§ **Records shown**:
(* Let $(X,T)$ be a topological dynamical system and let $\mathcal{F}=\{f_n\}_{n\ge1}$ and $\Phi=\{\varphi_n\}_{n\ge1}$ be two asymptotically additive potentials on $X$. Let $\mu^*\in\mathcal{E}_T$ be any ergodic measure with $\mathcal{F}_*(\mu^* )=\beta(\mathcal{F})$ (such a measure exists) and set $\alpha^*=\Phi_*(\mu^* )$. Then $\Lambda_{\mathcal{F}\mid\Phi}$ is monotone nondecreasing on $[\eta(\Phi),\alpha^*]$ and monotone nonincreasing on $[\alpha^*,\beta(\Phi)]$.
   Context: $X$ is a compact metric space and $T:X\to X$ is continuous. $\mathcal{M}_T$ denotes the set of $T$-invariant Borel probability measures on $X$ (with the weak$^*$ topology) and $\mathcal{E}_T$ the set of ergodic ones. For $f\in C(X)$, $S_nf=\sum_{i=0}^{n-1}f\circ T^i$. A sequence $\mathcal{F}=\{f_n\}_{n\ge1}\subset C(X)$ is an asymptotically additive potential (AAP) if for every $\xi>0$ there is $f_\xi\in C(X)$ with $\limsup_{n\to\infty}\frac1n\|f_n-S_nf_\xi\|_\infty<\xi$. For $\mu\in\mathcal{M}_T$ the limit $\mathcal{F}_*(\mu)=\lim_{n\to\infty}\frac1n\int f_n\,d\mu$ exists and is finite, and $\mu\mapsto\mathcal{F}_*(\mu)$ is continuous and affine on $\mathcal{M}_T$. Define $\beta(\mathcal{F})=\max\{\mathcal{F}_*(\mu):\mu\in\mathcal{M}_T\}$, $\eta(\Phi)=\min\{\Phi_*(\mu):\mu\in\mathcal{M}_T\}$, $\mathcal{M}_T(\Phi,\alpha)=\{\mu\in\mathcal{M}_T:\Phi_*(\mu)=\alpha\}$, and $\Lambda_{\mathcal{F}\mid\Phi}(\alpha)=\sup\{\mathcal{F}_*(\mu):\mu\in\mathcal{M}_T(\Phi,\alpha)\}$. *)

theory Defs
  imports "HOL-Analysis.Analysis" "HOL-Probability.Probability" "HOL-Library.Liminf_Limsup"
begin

§ **What you should do**: Set down the whole listing once more, precisely as written.

§ **Exercise solution**:
(* Let $(X,T)$ be a topological dynamical system and let $\mathcal{F}=\{f_n\}_{n\ge1}$ and $\Phi=\{\varphi_n\}_{n\ge1}$ be two asymptotically additive potentials on $X$. Let $\mu^*\in\mathcal{E}_T$ be any ergodic measure with $\mathcal{F}_*(\mu^* )=\beta(\mathcal{F})$ (such a measure exists) and set $\alpha^*=\Phi_*(\mu^* )$. Then $\Lambda_{\mathcal{F}\mid\Phi}$ is monotone nondecreasing on $[\eta(\Phi),\alpha^*]$ and monotone nonincreasing on $[\alpha^*,\beta(\Phi)]$.
   Context: $X$ is a compact metric space and $T:X\to X$ is continuous. $\mathcal{M}_T$ denotes the set of $T$-invariant Borel probability measures on $X$ (with the weak$^*$ topology) and $\mathcal{E}_T$ the set of ergodic ones. For $f\in C(X)$, $S_nf=\sum_{i=0}^{n-1}f\circ T^i$. A sequence $\mathcal{F}=\{f_n\}_{n\ge1}\subset C(X)$ is an asymptotically additive potential (AAP) if for every $\xi>0$ there is $f_\xi\in C(X)$ with $\limsup_{n\to\infty}\frac1n\|f_n-S_nf_\xi\|_\infty<\xi$. For $\mu\in\mathcal{M}_T$ the limit $\mathcal{F}_*(\mu)=\lim_{n\to\infty}\frac1n\int f_n\,d\mu$ exists and is finite, and $\mu\mapsto\mathcal{F}_*(\mu)$ is continuous and affine on $\mathcal{M}_T$. Define $\beta(\mathcal{F})=\max\{\mathcal{F}_*(\mu):\mu\in\mathcal{M}_T\}$, $\eta(\Phi)=\min\{\Phi_*(\mu):\mu\in\mathcal{M}_T\}$, $\mathcal{M}_T(\Phi,\alpha)=\{\mu\in\mathcal{M}_T:\Phi_*(\mu)=\alpha\}$, and $\Lambda_{\mathcal{F}\mid\Phi}(\alpha)=\sup\{\mathcal{F}_*(\mu):\mu\in\mathcal{M}_T(\Phi,\alpha)\}$. *)

theory Defs
  imports "HOL-Analysis.Analysis" "HOL-Probability.Probability" "HOL-Library.Liminf_Limsup"
begin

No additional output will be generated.